Skip to content

Help with subset

6 messages · Jerry Floren, Peter Alspach

#
I am so happy about learning how to read in multiple Excel files, that I have
to try and make another improvement. I know what I have been doing is
clumsy, but it works. Hopefully, someone can suggest a more elegant
solution. As a novice, I have been using MS-Word and mail merge to write my
code. I start with about 2 pages of code, and end up with 2,220 merged pages
that I copy and paste into R. You can probably guess that I am not a
programmer.

## here is the start of my merge document. The "x116" line has the merge
field, in this case "Bases-K Ammonium Acetate-2008-116". This changes for
each soil sample, and for each type of analysis. ##

napt <- read.table(file = "C:/Documents and Settings/jfloren/My
Documents/R_Statistics/NAPT/NAPT_09/CertIn2010/Data_for_R/readin_all_for_2010_cert.csv
", header = TRUE, sep = ",")
attach(napt)

x116 <- subset(napt, Analysis_Soil %in% c("Bases-K Ammonium
Acetate-2008-116"))

detach(napt)
attach(x116)

#### End of merge document section for selecting the subset  ###

Once I get the subset isolated, I have no problems calculating the necessary
statistics and can generate some wonderful graphs. 

I have two questions. 
1. How do I select different subsets from a large table without resorting to
using Word's Mail Merge?
2. I prefer to only analyze the results if at least nine labs submitted
results for a particular test. How would I tell R to skip the analysis if
the number of labs running a particular test is less than nine?

Thanks,

Jerry Floren
Minnesota Department of Agriculture
#
Tena koe Jerry

I'm not sure exactly what you wish to do, but it would seem you could
create a character vector (myVars) containing all your merge field names
and then use a for() loop.  Something like:

for (myV in myVars)
{
  x116 <- subset(napt, Analysis_Soil %in% myV)
  if (nrow(x116) > 8)
  {
    # steps for your analysis
  }
}

HTH ......

Peter Alspach
#
Thank you Peter. I am really new to this. The spreadsheet I am working with
has 12,379 rows with the first row consisting of the variable names and
12,378 rows of data. There are seven columns, and the 7th column is the only
one with numerical data ("Results"). 

I need to match up the variable Results with the variable "Anlysis_Soil",
which is the type of test performed by the labs on one of 20 different soil
samples. Here are some examples of the Anlysis_Soil variable:

Anlysis_Soil
Bases-Aluminum KCL Extr-2008-116
Bases-Aluminum KCL Extr-2008-116
Bases-Aluminum KCL Extr-2008-117
Bases-Aluminum KCL Extr-2008-118
Bases-Aluminum KCL Extr-2008-118
Bases-Aluminum KCL Extr-2008-119
Bases-Aluminum KCL Extr-2008-120
Bases-Aluminum KCL Extr-2008-120
Bases-Aluminum KCL Extr-2009-101

Actually, I am not interested in any of the above, because there are too few
(less than 9). 

I think I need to first identify the unique Anlysis_Soil from the entire
list, and I thought using "list" might work:
List of 1
 $ : Factor w/ 1695 levels "Bases-Aluminum KCL Extr-2008-116",..: 1 1 2 3 3
4 5 5 6 6 ...
It does correctly identify there are 1695 unique "Anlysis_Soil" variables.
However, "anlyses" contains all 12,378 "Anlysis_Soil" variables. For
example:

print(anlyses)
...
...
...
[12374] Soil pH & EC-Soil EC (1to2)-2009-115                            
[12375] Soil pH & EC-Soil EC (1to2)-2009-115                            
[12376] Soil pH & EC-Soil EC (1to2)-2009-115                            
[12377] Soil pH & EC-Soil EC (1to2)-2009-115                            
[12378] Soil pH & EC-Soil EC (1to2)-2009-115                            
1695 Levels: Bases-Aluminum KCL Extr-2008-116 ...

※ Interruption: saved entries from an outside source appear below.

(* Let $\varphi:\mathbb B\to\mathbb B$ be slice regular with $\varphi(\mathbb B_I)\subseteq\mathbb B_I$ for some $I\in\mathbb S$. Then for every $f\in H^2(\mathbb B)$, $$\|f^{\odot}\varphi\|_2\le\Big(\frac{1+|\varphi(0)|}{1-|\varphi(0)|}\Big)^{1/2}\|f\|_2,\qquad\|f_{\odot}\varphi\|_2\le\Big(\frac{1+|\varphi(0)|}{1-|\varphi(0)|}\Big)^{1/2}\|f\|_2.$$
   Context: $\mathbb H$ quaternions, $\mathbb S=\{q:q^2=-1\}$, $\mathbb C_I=\mathbb R+I\mathbb R$, $\mathbb B$ open unit ball, $\mathbb B_I=\mathbb B\cap\mathbb C_I$. Slice regular functions on $\mathbb B$ are convergent power series $\sum_nq^na_n$; $\ast$-product $\big(\sum q^na_n\big)\ast\big(\sum q^nb_n\big)=\sum_nq^n\sum_ka_kb_{n-k}$, $\varphi^{\ast0}=1$, $\varphi^{\ast n}=\varphi\ast\varphi^{\ast(n-1)}$. For $f=\sum q^na_n$: $f^{\odot}\varphi=\sum_n\varphi^{\ast n}a_n$, $f_{\odot}\varphi=\sum_na_n\ast\varphi^{\ast n}$. $H^2(\mathbb B)$: regular $f=\sum q^na_n$ with $\|f\|_2^2=\sum|a_n|^2<\infty$. *)

theory Defs
  imports "HOL-Analysis.Analysis"
begin

text \<open>Quaternions via the Cayley--Dickson construction: the pair (z, w) of complex
numbers stands for z + w j, where j z = cnj z j.  The norm inherited from the
product type, sqrt (norm z ^ 2 + norm w ^ 2), is the usual quaternion modulus.\<close>

type_synonym quat = "complex \<times> complex"
lemma deriv_neg: "deriv w x < 0"
proof (rule ccontr)
  assume "\<not> deriv w x < 0"
  then have zero: "deriv w x = 0" using deriv_nonpos[of x] by simp
  \<comment> \<open>at a critical point the equation forces \<open>w'' < 0\<close>, so \<open>w'\<close> would be positive just to the left\<close>
  then have "d * deriv (deriv w) x < 0" using ode[of x] reaction_pos[of x] by simp
  then have "deriv (deriv w) x < 0" using d_pos by (simp add: mult_less_0_iff)
  then obtain e where "e > 0" and e: "\<And>h. 0 < h \<Longrightarrow> h < e \<Longrightarrow> deriv w x < deriv w (x - h)"
    using DERIV_neg_dec_left[OF has_deriv2] by force
  then have "deriv w x < deriv w (x - e / 2)" by simp
  with deriv_nonpos[of "x - e / 2"] zero show False by simp
qed

lemma strict_antimono: "x < y \<Longrightarrow> w y < w x"
  using DERIV_neg_imp_decreasing[of x y w] has_deriv deriv_neg by blast

lemma has_deriv_shift: "((\<lambda>x. w (x + s)) has_real_derivative deriv w (x + s)) (at x)"
proof -
  have "((\<lambda>x. x + s) has_real_derivative 1) (at x)" by (auto intro!: derivative_eq_intros)
  from DERIV_chain2[OF has_deriv this] show ?thesis by simp
qed

lemma deriv_shift: "deriv (\<lambda>x. w (x + s)) = (\<lambda>x. deriv w (x + s))"
  using has_deriv_shift DERIV_imp_deriv by blast

lemma has_deriv2_shift:
  "((\<lambda>x. deriv w (x + s)) has_real_derivative deriv (deriv w) (x + s)) (at x)"
proof -
  have "((\<lambda>x. x + s) has_real_derivative 1) (at x)" by (auto intro!: derivative_eq_intros)
  from DERIV_chain2[OF has_deriv2 this] show ?thesis by simp
qed

lemma shift: "monotone_front d r a c (\<lambda>x. w (x + s))"
proof
  show "((\<lambda>x. w (x + s)) has_real_derivative deriv (\<lambda>x. w (x + s)) x) (at x)" for x
    unfolding deriv_shift by (rule has_deriv_shift)
  show "(deriv (\<lambda>x. w (x + s)) has_real_derivative deriv (deriv (\<lambda>x. w (x + s))) x) (at x)" for x
    unfolding deriv_shift using has_deriv2_shift DERIV_imp_deriv by metis
  show "- d * deriv (deriv (\<lambda>x. w (x + s))) x - c * deriv (\<lambda>x. w (x + s)) x
      = r * w (x + s) * (a - w (x + s))" for x
    unfolding deriv_shift DERIV_imp_deriv[OF has_deriv2_shift] by (rule ode)
  have "filterlim (\<lambda>x. x + s) at_top at_top"
    using filterlim_tendsto_add_at_top[OF tendsto_const[of s] filterlim_ident]
    by (simp add: add.commute)
  then show "((\<lambda>x. w (x + s)) \<longlongrightarrow> 0) at_top"
    using filterlim_compose[OF tendsto_at_top] by blast
qed (use d_pos r_pos c_nonneg pos less antimono in auto)

text \<open>The flux \<open>-d w' - c w\<close> has derivative \<open>r w (a - w) > 0\<close> and is bounded below by
  \<open>-c a\<close>; hence the reaction term is integrable at \<open>-\<infinity>\<close>, which drives both the limit
  \<open>w(-\<infinity>) = a\<close> and the tail estimate below.\<close>

definition flux :: "real \<Rightarrow> real" where
  "flux x = - d * deriv w x - c * w x"

lemma has_deriv_flux: "(flux has_real_derivative r * w x * (a - w x)) (at x)"
proof -
  have "(flux has_real_derivative - d * deriv (deriv w) x - c * deriv w x) (at x)"
    unfolding flux_def[abs_def] by (auto intro!: derivative_eq_intros has_deriv has_deriv2)
  then show ?thesis using ode[of x] by simp
qed

lemma flux_lower_bound: "- c * a \<le> flux x"
proof -
  have "0 \<le> - d * deriv w x" using deriv_nonpos[of x] d_pos by (simp add: mult_nonneg_nonpos)
  moreover have "c * w x \<le> c * a" using less[of x] c_nonneg by (simp add: mult_left_mono)
  ultimately show ?thesis unfolding flux_def by simp
qed

lemma flux_increment_ge:
  assumes "x \<le> y" "y \<le> 0"
  shows "(y - x) * (r * w 0 * (a - w x)) \<le> flux y - flux x"
proof (cases "x = y")
  case False
  with assms obtain z where z: "x < z" "z < y" "flux y - flux x = (y - x) * (r * w z * (a - w z))"
    using MVT2[of x y flux] has_deriv_flux by force
  have "w 0 \<le> w z" "a - w x \<le> a - w z" using z assms antimono by auto
  then have "r * w 0 * (a - w x) \<le> r * w z * (a - w z)"
    using r_pos pos[of 0] less[of x] by (intro mult_mono mult_left_mono) auto
  with z show ?thesis by (simp add: mult_left_mono)
qed simp

lemma flux_mono:
  assumes "x \<le> y" "y \<le> 0"
  shows "flux x \<le> flux y"
proof -
  have "0 \<le> (y - x) * (r * w 0 * (a - w x))"
    using assms r_pos pos[of 0] less[of x] by (intro mult_nonneg_nonneg) auto
  with flux_increment_ge[OF assms] show ?thesis by simp
qed

lemma tendsto_at_bot: "(w \<longlongrightarrow> a) at_bot"
proof (rule order_tendstoI)
  show "\<forall>\<^sub>F x in at_bot. w x < y" if "a < y" for y
    using less that by (intro always_eventually allI) (blast intro: less_trans)
next
  fix y assume "y < a"
  show "\<forall>\<^sub>F x in at_bot. y < w x"
  proof (rule ccontr)
    assume "\<not> (\<forall>\<^sub>F x in at_bot. y < w x)"
    then have below: "w x \<le> y" for x
      unfolding eventually_at_bot_linorder by (meson antimono linorder_not_less nle_le order_trans)
    define \<kappa> where "\<kappa> = r * w 0 * (a - y)"
    have "\<kappa> > 0" unfolding \<kappa>_def using r_pos pos[of 0] \<open>y < a\<close> by simp
    define x where "x = - (\<bar>flux 0\<bar> + c * a + 1) / \<kappa>"
    have "c * a \<ge> 0" using c_nonneg less[of 0] pos[of 0] by simp
    then have "x < 0" unfolding x_def using \<open>\<kappa> > 0\<close> by (simp add: divide_neg_pos add_pos_nonneg)
    have "(0 - x) * \<kappa> \<le> (0 - x) * (r * w 0 * (a - w x))"
      unfolding \<kappa>_def using \<open>x < 0\<close> below[of x] r_pos pos[of 0] by (intro mult_left_mono) auto
    also have "\<dots> \<le> flux 0 - flux x" using flux_increment_ge[of x 0] \<open>x < 0\<close> by simp
    finally have "\<bar>flux 0\<bar> + c * a + 1 \<le> flux 0 - flux x"
      unfolding x_def using \<open>\<kappa> > 0\<close> by simp
    with flux_lower_bound[of x] show False by linarith
  qed
qed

And once again shows correctly that there are 1,695 unique "Anlysis_Soil"
variables.

Once the unique Anlysis_Soil variables are identified, I need to determine
the ones greater than 8, and I see how that could be done with your code.

I am not clear what you mean by, "for (myV in myVars)" ? Is myV the name of
one of the unique variables that has at least 9 Results? Is myVars the
entire column of "Anlysis_Soil" ?

I am not sure if this is any clearer.

Thanks,

Jerry Floren
Minnesota Department of Agriculture
#
Tena koe Jerry 

myVars would be the unique values of Anlysis_Soil.  I guess Anlysis_Soil
is a factor, in which case

myVars <- levels(Anlysis_Soil)

The for() loop then steps through each of these in turn.

HTH ....

Peter Alspach

PS  If you'd like more details it might be better to contact me off
list.

P
#
Thank you very much Peter. I'm off until Monday, but now I have an
interesting project to think about over the weekend. It looks pretty simple,
and it sure will beat over 2,000 pages of code to cut and paste.

Thanks again,

Jerry Floren
Minnesota Department of Agriculture
3 days later
#
Hi Peter,

Thanks again for showing me how to do this. This will save me hours of
tedious work, and I can't believe how quickly R reads in and processes my
data. It was taking about 40 minutes when I used Word's mail merge for this.
When I first switched from Excel to R, R was so much faster than Excel that
I could live with the 40 minute processing time. 

This is another major improvement. What will really save me the most time is
the" if (nrow(rsubset) > 8)"  statement. 

Thanks,

Jerry Floren
Minnesota Department of Agriculture